[Stored data entries]
(* Let $A=\mathrm{diag}(\mathbf{a})$ with $\mathbf{a}\in\mathbb{R}^n$, $\beta>0$, $f(\mathbf{z})=\frac12\mathbf{z}^*A\mathbf{z}+\frac{\beta}{2}\sum_k|z_k|^4$, let $W\in\mathbb{C}^{n\times n}$ be Hermitian and $\sigma>0$, and set $f_\sigma(\mathbf{z})=f(\mathbf{z})+\frac{\sigma}{2}\mathbf{z}^*W\mathbf{z}$. Suppose $\mathbf{z}_0$ is a global minimizer of $f$ on $\mathbb{CS}^{n-1}$ and $\mathbf{y}\in\mathbb{CS}^{n-1}$ satisfies $f_\sigma(\mathbf{y})\le\min_{\mathbf{z}\in\llbracket\mathbf{z}_0\rrbracket}f_\sigma(\mathbf{z})$. Then $\min_{\mathbf{z}\in\llbracket\mathbf{z}_0\rrbracket}\|\mathbf{y}-\mathbf{z}\|_4\le\sqrt[3]{2\sigma\beta^{-1}\|W\|_2\,n^{1/4}}$.
   Context: $\mathbb{CS}^{n-1}$ is the unit sphere of $\mathbb{C}^n$; $\llbracket\mathbf{z}_0\rrbracket=\{\mathbf{y}\in\mathbb{C}^n:|y_k|=|(z_0)_k|\ \forall k\}$; $\|W\|_2$ is the spectral norm. *)

theory Defs
  imports "HOL-Analysis.Analysis"
begin

text \<open>Vectors in C^n are modelled as complex ^ 'n (n = CARD('n)); the Euclidean
  norm on this type is the usual 2-norm, so the unit sphere is norm z = 1.\<close>

definition hermitian :: "complex ^ 'n ^ 'n \<Rightarrow> bool" where
  "hermitian W \<longleftrightarrow> (\<forall>i j. W $ i $ j = cnj (W $ j $ i))"

definition qform :: "complex ^ 'n ^ 'n \<Rightarrow> complex ^ 'n \<Rightarrow> complex" where
  "qform W z = (\<Sum>i\<in>UNIV. \<Sum>j\<in>UNIV. cnj (z $ i) * W $ i $ j * z $ j)"

definition fobj :: "real ^ 'n \<Rightarrow> real \<Rightarrow> complex ^ 'n \<Rightarrow> real" where
  "fobj a \<beta> z = (1/2) * (\<Sum>k\<in>UNIV. a $ k * (cmod (z $ k))^2)
                 + (\<beta>/2) * (\<Sum>k\<in>UNIV. (cmod (z $ k))^4)"

definition fsig :: "real ^ 'n \<Rightarrow> real \<Rightarrow> real \<Rightarrow> complex ^ 'n ^ 'n \<Rightarrow> complex ^ 'n \<Rightarrow> real" where
  "fsig a \<beta> \<sigma> W z = fobj a \<beta> z + (\<sigma>/2) * Re (qform W z)"

definition phase_class :: "complex ^ 'n \<Rightarrow> (complex ^ 'n) set" where
  "phase_class z0 = {y. \<forall>k. cmod (y $ k) = cmod (z0 $ k)}"

definition norm4 :: "complex ^ 'n \<Rightarrow> real" where
  "norm4 x = (\<Sum>k\<in>UNIV. (cmod (x $ k))^4) powr (1/4)"

definition spec_norm :: "complex ^ 'n ^ 'n \<Rightarrow> real" where
  "spec_norm W = onorm (\<lambda>x. W *v x)"

end

theory Submission
  imports Defs
begin

(* The objective f depends on z only through the squared moduli w_k = |z_k|^2, which range
   over the probability simplex as z ranges over the unit sphere; in these coordinates f is a
   quadratic with Hessian beta I, so its minimizer v = |z0|^2 satisfies
   f(y) - f(z0) >= beta/2 ||y|^2 - v|_2^2 >= beta/2 |y - z|_4^4,
   where z in [[z0]] carries the moduli of z0 and the phases of y.  Conversely
   f_sigma(y) <= f_sigma(z) and f(z) = f(z0) give
   f(y) - f(z0) <= sigma ||W||_2 |y - z|_2 <= sigma ||W||_2 n^(1/4) |y - z|_4.
   Comparing the two bounds yields |y - z|_4^3 <= 2 sigma/beta ||W||_2 n^(1/4). *)

lemma power2_norm_vec: "(norm x)\<^sup>2 = (\<Sum>k\<in>UNIV. (norm (x $ k))\<^sup>2)"
  by (simp add: norm_vec_def L2_set_def sum_nonneg)

lemma spec_norm_nonneg: "0 \<le> spec_norm W"
  unfolding spec_norm_def by (rule onorm_pos_le) simp

lemma norm_matrix_vector_le_spec_norm: "norm (W *v x) \<le> spec_norm W * norm x"
  unfolding spec_norm_def by (rule onorm) simp

definition cinner :: "complex ^ 'n \<Rightarrow> complex ^ 'n \<Rightarrow> complex" where
  "cinner x v = (\<Sum>k\<in>UNIV. cnj (x $ k) * v $ k)"

lemma qform_eq_cinner: "qform W z = cinner z (W *v z)"
  unfolding qform_def cinner_def matrix_vector_mult_def
  by (simp add: sum_distrib_left mult.assoc)

lemma cinner_diff_left: "cinner (x - y) v = cinner x v - cinner y v"
  unfolding cinner_def by (simp add: left_diff_distrib sum_subtractf)

lemma cinner_diff_right: "cinner x (v - w) = cinner x v - cinner x w"
  unfolding cinner_def by (simp add: right_diff_distrib sum_subtractf)

lemma norm_cinner_le: "cmod (cinner x v) \<le> norm x * norm v"
proof -
  have "cmod (cinner x v) \<le> (\<Sum>k\<in>UNIV. \<bar>cmod (x $ k)\<bar> * \<bar>cmod (v $ k)\<bar>)"
    unfolding cinner_def by (rule order_trans[OF norm_sum]) (simp add: norm_mult)
  also have "\<dots> \<le> norm x * norm v"
    unfolding norm_vec_def by (rule L2_set_mult_ineq)
  finally show ?thesis .
qed

lemma norm_qform_diff_le:
  "cmod (qform W z - qform W y) \<le> spec_norm W * (norm z + norm y) * norm (z - y)"
proof -
  have "qform W z - qform W y = cinner (z - y) (W *v z) + cinner y (W *v (z - y))"
    by (simp add: qform_eq_cinner cinner_diff_left cinner_diff_right
          matrix_vector_mult_diff_distrib)
  also have "cmod \<dots>
      \<le> norm (z - y) * (spec_norm W * norm z) + norm y * (spec_norm W * norm (z - y))"
    by (intro norm_triangle_le add_mono order_trans[OF norm_cinner_le] mult_left_mono
          norm_matrix_vector_le_spec_norm norm_ge_zero)
  finally show ?thesis by (simp add: algebra_simps)
qed

lemma fobj_diff_le_if_fsig_le:
  assumes "\<sigma> \<ge> 0" "norm y = 1" "norm z = 1" "fsig a \<beta> \<sigma> W y \<le> fsig a \<beta> \<sigma> W z"
  shows "fobj a \<beta> y - fobj a \<beta> z \<le> \<sigma> * spec_norm W * norm (y - z)"
proof -
  have "fobj a \<beta> y - fobj a \<beta> z \<le> \<sigma> / 2 * Re (qform W z - qform W y)"
    using assms(4) by (simp add: fsig_def algebra_simps)
  also have "\<dots> \<le> \<sigma> / 2 * (spec_norm W * 2 * norm (z - y))"
    using norm_qform_diff_le[of W z y] assms(1-3)
    by (intro mult_left_mono order_trans[OF complex_Re_le_cmod]) simp_all
  finally show ?thesis by (simp add: norm_minus_commute)
qed

lemma growth_at_minimum_on_convex:
  fixes G :: "'a::real_vector \<Rightarrow> real"
  assumes "convex S" "u \<in> S" "v \<in> S" "\<forall>w\<in>S. G v \<le> G w"
    and segment: "\<And>t. G (v + t *\<^sub>R (u - v)) - G v = t * L + t\<^sup>2 * Q"
  shows "Q \<le> G u - G v"
proof -
  have "0 \<le> L + t * Q" if "0 < t" "t \<le> 1" for t
  proof -
    have "v + t *\<^sub>R (u - v) = (1 - t) *\<^sub>R v + t *\<^sub>R u"
      by (simp add: algebra_simps)
    also have "\<dots> \<in> S"
      using assms(1-3) that by (intro convexD) auto
    finally have "G v \<le> G (v + t *\<^sub>R (u - v))"
      using assms(4) by blast
    then have "0 \<le> t * (L + t * Q)"
      using segment[of t] by (simp add: power2_eq_square algebra_simps)
    then show ?thesis
      using that by (simp add: zero_le_mult_iff)
  qed
  then have "0 \<le> L"
    by (intro tendsto_lowerbound[of "\<lambda>t. L + t * Q" L "at_right 0"])
      (auto intro!: tendsto_eq_intros eventually_at_rightI[of 0 1])
  then show ?thesis
    using segment[of 1] by simp
qed

definition sq_moduli :: "complex ^ 'n \<Rightarrow> real ^ 'n" where
  "sq_moduli z = (\<chi> k. (cmod (z $ k))\<^sup>2)"

definition fobj_sq :: "real ^ 'n \<Rightarrow> real \<Rightarrow> real ^ 'n \<Rightarrow> real" where
  "fobj_sq a \<beta> w = (a \<bullet> w + \<beta> * (norm w)\<^sup>2) / 2"

lemma fobj_eq_fobj_sq: "fobj a \<beta> z = fobj_sq a \<beta> (sq_moduli z)"
  unfolding fobj_def fobj_sq_def sq_moduli_def power2_norm_vec
  by (simp add: inner_vec_def sum_distrib_left sum_divide_distrib add_divide_distrib
        flip: power_mult)

lemma fobj_sq_segment:
  "fobj_sq a \<beta> (v + t *\<^sub>R (u - v)) - fobj_sq a \<beta> v
     = t * ((a \<bullet> (u - v)) / 2 + \<beta> * (v \<bullet> (u - v))) + t\<^sup>2 * (\<beta> / 2 * (norm (u - v))\<^sup>2)"
  unfolding fobj_sq_def power2_norm_eq_inner
  by (simp add: inner_simps inner_commute power2_eq_square field_simps)

definition prob_simplex :: "(real ^ 'n) set" where
  "prob_simplex = {w. (\<forall>k. 0 \<le> w $ k) \<and> (\<Sum>k\<in>UNIV. w $ k) = 1}"

lemma convex_prob_simplex: "convex prob_simplex"
  unfolding convex_def prob_simplex_def
  by (auto simp: sum.distrib simp flip: sum_distrib_left)

lemma sq_moduli_in_prob_simplex: "norm z = 1 \<Longrightarrow> sq_moduli z \<in> prob_simplex"
  using power2_norm_vec[of z] by (simp add: prob_simplex_def sq_moduli_def)

lemma prob_simplex_sq_moduli:
  assumes "w \<in> prob_simplex"
  shows "\<exists>z. norm z = 1 \<and> sq_moduli z = w"
proof (intro exI conjI)
  let ?z = "\<chi> k. complex_of_real (sqrt (w $ k))"
  show "sq_moduli ?z = w"
    using assms by (simp add: sq_moduli_def prob_simplex_def vec_eq_iff)
  then show "norm ?z = 1"
    using assms by (simp add: norm_vec_def L2_set_def prob_simplex_def)
qed

lemma fobj_sq_minimal_on_prob_simplex:
  assumes "\<forall>z. norm z = 1 \<longrightarrow> fobj a \<beta> z0 \<le> fobj a \<beta> z"
  shows "\<forall>w\<in>prob_simplex. fobj_sq a \<beta> (sq_moduli z0) \<le> fobj_sq a \<beta> w"
  using assms prob_simplex_sq_moduli by (metis fobj_eq_fobj_sq)

lemma fobj_sq_growth_at_minimum:
  assumes "u \<in> prob_simplex" "v \<in> prob_simplex"
    and "\<forall>w\<in>prob_simplex. fobj_sq a \<beta> v \<le> fobj_sq a \<beta> w"
  shows "\<beta> / 2 * (norm (u - v))\<^sup>2 \<le> fobj_sq a \<beta> u - fobj_sq a \<beta> v"
  using growth_at_minimum_on_convex[OF convex_prob_simplex assms fobj_sq_segment] .

lemma powr_quarter_pow4: "0 \<le> (t::real) \<Longrightarrow> (t powr (1/4))^4 = t"
  using powr_realpow'[of "t powr (1/4)" 4] by (simp add: powr_powr)

lemma pow4_powr_quarter: "0 \<le> (t::real) \<Longrightarrow> (t^4) powr (1/4) = t"
  by (rule power_eq_imp_eq_base[of _ 4]) (simp_all add: powr_quarter_pow4)

lemma norm4_nonneg: "0 \<le> norm4 x"
  by (simp add: norm4_def)

lemma norm4_pow4: "(norm4 x)^4 = (\<Sum>k\<in>UNIV. (cmod (x $ k))^4)"
  unfolding norm4_def by (simp add: powr_quarter_pow4 sum_nonneg)

lemma norm_le_norm4: "norm x \<le> real CARD('n) powr (1/4) * norm4 (x :: complex ^ 'n)"
proof -
  have "(norm x)^4 = (\<Sum>k\<in>UNIV. (cmod (x $ k))\<^sup>2 * 1)\<^sup>2"
    by (simp flip: power2_norm_vec power_mult)
  also have "\<dots> \<le> real CARD('n) * (\<Sum>k\<in>UNIV. (cmod (x $ k))^4)"
    using Cauchy_Schwarz_ineq_sum[of "\<lambda>k. (cmod (x $ k))\<^sup>2" "\<lambda>_. 1" UNIV]
    by (simp add: mult.commute flip: power_mult)
  finally have "((norm x)^4) powr (1/4)
      \<le> (real CARD('n) * (\<Sum>k\<in>UNIV. (cmod (x $ k))^4)) powr (1/4)"
    by (intro powr_mono2) simp_all
  then show ?thesis
    by (simp add: pow4_powr_quarter powr_mult sum_nonneg norm4_def)
qed

definition phase_align :: "complex ^ 'n \<Rightarrow> complex ^ 'n \<Rightarrow> complex ^ 'n" where
  "phase_align z0 y = (\<chi> k. rcis (cmod (z0 $ k)) (Arg (y $ k)))"

lemma phase_align_in_phase_class: "phase_align z0 y \<in> phase_class z0"
  by (simp add: phase_align_def phase_class_def)

lemma norm_diff_phase_align:
  "cmod ((y - phase_align z0 y) $ k) = \<bar>cmod (y $ k) - cmod (z0 $ k)\<bar>"
proof -
  have "(y - phase_align z0 y) $ k
      = rcis (cmod (y $ k)) (Arg (y $ k)) - rcis (cmod (z0 $ k)) (Arg (y $ k))"
    by (simp add: phase_align_def rcis_cmod_Arg)
  also have "\<dots> = rcis (cmod (y $ k) - cmod (z0 $ k)) (Arg (y $ k))"
    by (simp add: rcis_def left_diff_distrib)
  finally show ?thesis by simp
qed

lemma phase_class_norm_eq: "z \<in> phase_class z0 \<Longrightarrow> norm z = norm z0"
  by (simp add: phase_class_def norm_vec_def)

lemma phase_class_fobj_eq: "z \<in> phase_class z0 \<Longrightarrow> fobj a \<beta> z = fobj a \<beta> z0"
  by (simp add: phase_class_def fobj_def)

lemma pow4_abs_diff_le:
  fixes p q :: real
  assumes "0 \<le> p" "0 \<le> q"
  shows "\<bar>p - q\<bar>^4 \<le> (p\<^sup>2 - q\<^sup>2)\<^sup>2"
proof -
  have "(p - q)\<^sup>2 = \<bar>p - q\<bar> * \<bar>p - q\<bar>"
    by (simp add: power2_eq_square)
  also have "\<dots> \<le> \<bar>p - q\<bar> * (p + q)"
    using assms by (intro mult_left_mono) auto
  also have "\<dots> = \<bar>p\<^sup>2 - q\<^sup>2\<bar>"
    using assms by (simp add: power2_eq_square square_diff_square_factored abs_mult mult.commute)
  finally have "((p - q)\<^sup>2)\<^sup>2 \<le> \<bar>p\<^sup>2 - q\<^sup>2\<bar>\<^sup>2"
    by (intro power_mono) simp_all
  then show ?thesis
    by (simp flip: power_mult)
qed

lemma fobj_growth_phase_align:
  assumes "0 \<le> \<beta>" "norm z0 = 1" "norm y = 1"
    and "\<forall>z. norm z = 1 \<longrightarrow> fobj a \<beta> z0 \<le> fobj a \<beta> z"
  shows "\<beta> / 2 * (norm4 (y - phase_align z0 y))^4 \<le> fobj a \<beta> y - fobj a \<beta> z0"
proof -
  have "(norm4 (y - phase_align z0 y))^4 = (\<Sum>k\<in>UNIV. \<bar>cmod (y $ k) - cmod (z0 $ k)\<bar>^4)"
    by (simp only: norm4_pow4 norm_diff_phase_align)
  also have "\<dots> \<le> (\<Sum>k\<in>UNIV. ((cmod (y $ k))\<^sup>2 - (cmod (z0 $ k))\<^sup>2)\<^sup>2)"
    by (intro sum_mono pow4_abs_diff_le) simp_all
  also have "\<dots> = (norm (sq_moduli y - sq_moduli z0))\<^sup>2"
    by (simp add: power2_norm_vec sq_moduli_def)
  finally have "\<beta> / 2 * (norm4 (y - phase_align z0 y))^4
      \<le> \<beta> / 2 * (norm (sq_moduli y - sq_moduli z0))\<^sup>2"
    using assms(1) by (simp add: mult_left_mono)
  also have "\<dots> \<le> fobj a \<beta> y - fobj a \<beta> z0"
    unfolding fobj_eq_fobj_sq
    using assms(2-4)
    by (intro fobj_sq_growth_at_minimum fobj_sq_minimal_on_prob_simplex sq_moduli_in_prob_simplex)
  finally show ?thesis .
qed

lemma le_root3_if_pow4_le:
  fixes e K :: real
  assumes "0 \<le> e" "0 \<le> K" "e^4 \<le> K * e"
  shows "e \<le> root 3 K"
proof (cases "e = 0")
  case False
  then have "e^3 \<le> K"
    using assms by (simp add: power_numeral_reduce mult.commute[of K])
  then show ?thesis
    using assms(1) real_root_le_mono[of 3 "e^3" K] real_root_power_cancel[of 3 e] by simp
qed (use assms in simp)

theorem theorem7:
  fixes a :: "real ^ 'n" and \<beta> \<sigma> :: real and W :: "complex ^ 'n ^ 'n"
    and z0 y :: "complex ^ 'n"
  assumes "\<beta> > 0" and "hermitian W" and "\<sigma> > 0"
    and "norm z0 = 1" and "\<forall>z. norm z = 1 \<longrightarrow> fobj a \<beta> z0 \<le> fobj a \<beta> z"
    and "norm y = 1"
    and "\<forall>z\<in>phase_class z0. fsig a \<beta> \<sigma> W y \<le> fsig a \<beta> \<sigma> W z"
  shows "(INF z\<in>phase_class z0. norm4 (y - z))
           \<le> root 3 (2 * \<sigma> / \<beta> * spec_norm W * real CARD('n) powr (1/4))"
proof -
  define z where "z = phase_align z0 y"
  define e where "e = norm4 (y - z)"
  define C where "C = real CARD('n) powr (1/4)"
  have z_in: "z \<in> phase_class z0"
    unfolding z_def by (rule phase_align_in_phase_class)
  have z_norm: "norm z = 1"
    using phase_class_norm_eq[OF z_in] assms(4) by simp
  have "\<beta> / 2 * e^4 \<le> fobj a \<beta> y - fobj a \<beta> z0"
    unfolding e_def z_def using assms(1,4-6) by (intro fobj_growth_phase_align) auto
  also have "\<dots> = fobj a \<beta> y - fobj a \<beta> z"
    using phase_class_fobj_eq[OF z_in] by simp
  also have "\<dots> \<le> \<sigma> * spec_norm W * norm (y - z)"
    using assms(3,6,7) z_in z_norm by (intro fobj_diff_le_if_fsig_le) auto
  also have "\<dots> \<le> \<sigma> * spec_norm W * (C * e)"
    unfolding C_def e_def using assms(3)
    by (intro mult_left_mono norm_le_norm4 mult_nonneg_nonneg spec_norm_nonneg) auto
  finally have "e^4 \<le> (2 * \<sigma> / \<beta> * spec_norm W * C) * e"
    using assms(1) by (simp add: field_simps)
  then have "e \<le> root 3 (2 * \<sigma> / \<beta> * spec_norm W * C)"
    using assms(1,3)
    by (intro le_root3_if_pow4_le) (auto simp: e_def C_def norm4_nonneg spec_norm_nonneg)
  moreover have "(INF z\<in>phase_class z0. norm4 (y - z)) \<le> e"
    unfolding e_def using z_in norm4_nonneg by (intro cINF_lower bdd_belowI[of _ 0]) auto
  ultimately show ?thesis
    unfolding C_def by linarith
qed

end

● **About this exercise**
Your answer should be the lines above, from the line containing "theory Submission" up to and including the line containing "f(y) - f(z0) >= beta/2", reproduced exactly and with nothing else.

● **Answer to the exercise**
theory Submission
  imports Defs
begin

(* The objective f depends on z only through the squared moduli w_k = |z_k|^2, which range
   over the probability simplex as z ranges over the unit sphere; in these coordinates f is a
   quadratic with Hessian beta I, so its minimizer v = |z0|^2 satisfies
   f(y) - f(z0) >= beta/2 ||y|^2 - v|_2^2 >= beta/2 |y - z|_4^4,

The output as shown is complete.